Would you transcribe the data word for word?

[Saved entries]

★ ★ ★ ★ ★

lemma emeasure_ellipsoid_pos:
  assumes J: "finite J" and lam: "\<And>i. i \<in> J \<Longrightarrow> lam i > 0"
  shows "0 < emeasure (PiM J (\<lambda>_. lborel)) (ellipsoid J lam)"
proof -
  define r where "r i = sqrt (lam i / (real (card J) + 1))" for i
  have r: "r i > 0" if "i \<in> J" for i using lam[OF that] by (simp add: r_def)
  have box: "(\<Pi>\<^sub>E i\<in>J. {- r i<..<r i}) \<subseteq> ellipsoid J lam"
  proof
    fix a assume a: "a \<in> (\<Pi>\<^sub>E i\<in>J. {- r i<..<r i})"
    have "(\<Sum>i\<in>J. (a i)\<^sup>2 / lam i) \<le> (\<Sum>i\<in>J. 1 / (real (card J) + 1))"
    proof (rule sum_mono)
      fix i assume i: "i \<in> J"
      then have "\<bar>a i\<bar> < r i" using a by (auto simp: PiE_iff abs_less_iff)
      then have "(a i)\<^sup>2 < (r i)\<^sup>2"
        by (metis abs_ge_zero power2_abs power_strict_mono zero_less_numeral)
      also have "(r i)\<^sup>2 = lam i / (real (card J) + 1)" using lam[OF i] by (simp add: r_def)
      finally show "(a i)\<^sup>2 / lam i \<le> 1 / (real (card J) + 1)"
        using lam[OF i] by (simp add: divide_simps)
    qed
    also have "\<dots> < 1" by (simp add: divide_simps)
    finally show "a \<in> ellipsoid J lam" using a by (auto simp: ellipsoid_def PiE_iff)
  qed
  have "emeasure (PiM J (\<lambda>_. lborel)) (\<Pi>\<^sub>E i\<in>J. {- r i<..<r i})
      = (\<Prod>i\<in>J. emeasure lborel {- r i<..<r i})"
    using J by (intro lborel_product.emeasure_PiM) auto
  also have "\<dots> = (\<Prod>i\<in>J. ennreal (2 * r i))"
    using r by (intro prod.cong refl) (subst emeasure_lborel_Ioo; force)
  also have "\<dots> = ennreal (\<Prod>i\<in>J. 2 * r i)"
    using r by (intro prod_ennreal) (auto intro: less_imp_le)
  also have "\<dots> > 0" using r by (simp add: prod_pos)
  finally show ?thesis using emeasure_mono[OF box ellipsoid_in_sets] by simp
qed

★ ★ ★ ★ ★

**Response for this exercise**
lemma emeasure_ellipsoid_pos:
  assumes J: "finite J" and lam: "\<And>i. i \<in> J \<Longrightarrow> lam i > 0"
  shows "0 < emeasure (PiM J (\<lambda>_. lborel)) (ellipsoid J lam)"
proof -
  define r where "r i = sqrt (lam i / (real (card J) + 1))" for i
  have r: "r i > 0" if "i \<in> J" for i using lam[OF that] by (simp add: r_def)
  have box: "(\<Pi>\<^sub>E i\<in>J. {- r i<..<r i}) \<subseteq> ellipsoid J lam"
  proof
    fix a assume a: "a \<in> (\<Pi>\<^sub>E i\<in>J. {- r i<..<r i})"
    have "(\<Sum>i\<in>J. (a i)\<^sup>2 / lam i) \<le> (\<Sum>i\<in>J. 1 / (real (card J) + 1))"
    proof (rule sum_mono)
      fix i assume i: "i \<in> J"
      then have "\<bar>a i\<bar> < r i" using a by (auto simp: PiE_iff abs_less_iff)
      then have "(a i)\<^sup>2 < (r i)\<^sup>2"
        by (metis abs_ge_zero power2_abs power_strict_mono zero_less_numeral)
      also have "(r i)\<^sup>2 = lam i / (real (card J) + 1)" using lam[OF i] by (simp add: r_def)
      finally show "(a i)\<^sup>2 / lam i \<le> 1 / (real (card J) + 1)"
        using lam[OF i] by (simp add: divide_simps)
    qed
    also have "\<dots> < 1" by (simp add: divide_simps)
    finally show "a \<in> ellipsoid J lam" using a by (auto simp: ellipsoid_def PiE_iff)
  qed
  have "emeasure (PiM J (\<lambda>_. lborel)) (\<Pi>\<^sub>E i\<in>J. {- r i<..<r i})
      = (\<Prod>i\<in>J. emeasure lborel {- r i<..<r i})"
    using J by (intro lborel_product.emeasure_PiM) auto
  also have "\<dots> = (\<Prod>i\<in>J. ennreal (2 * r i))"
    using r by (intro prod.cong refl) (subst emeasure_lborel_Ioo; force)
  also have "\<dots> = ennreal (\<Prod>i\<in>J. 2 * r i)"
    using r by (intro prod_ennreal) (auto intro: less_imp_le)
  also have "\<dots> > 0" using r by (simp add: prod_pos)
  finally show ?thesis using emeasure_mono[OF box ellipsoid_in_sets] by simp
qed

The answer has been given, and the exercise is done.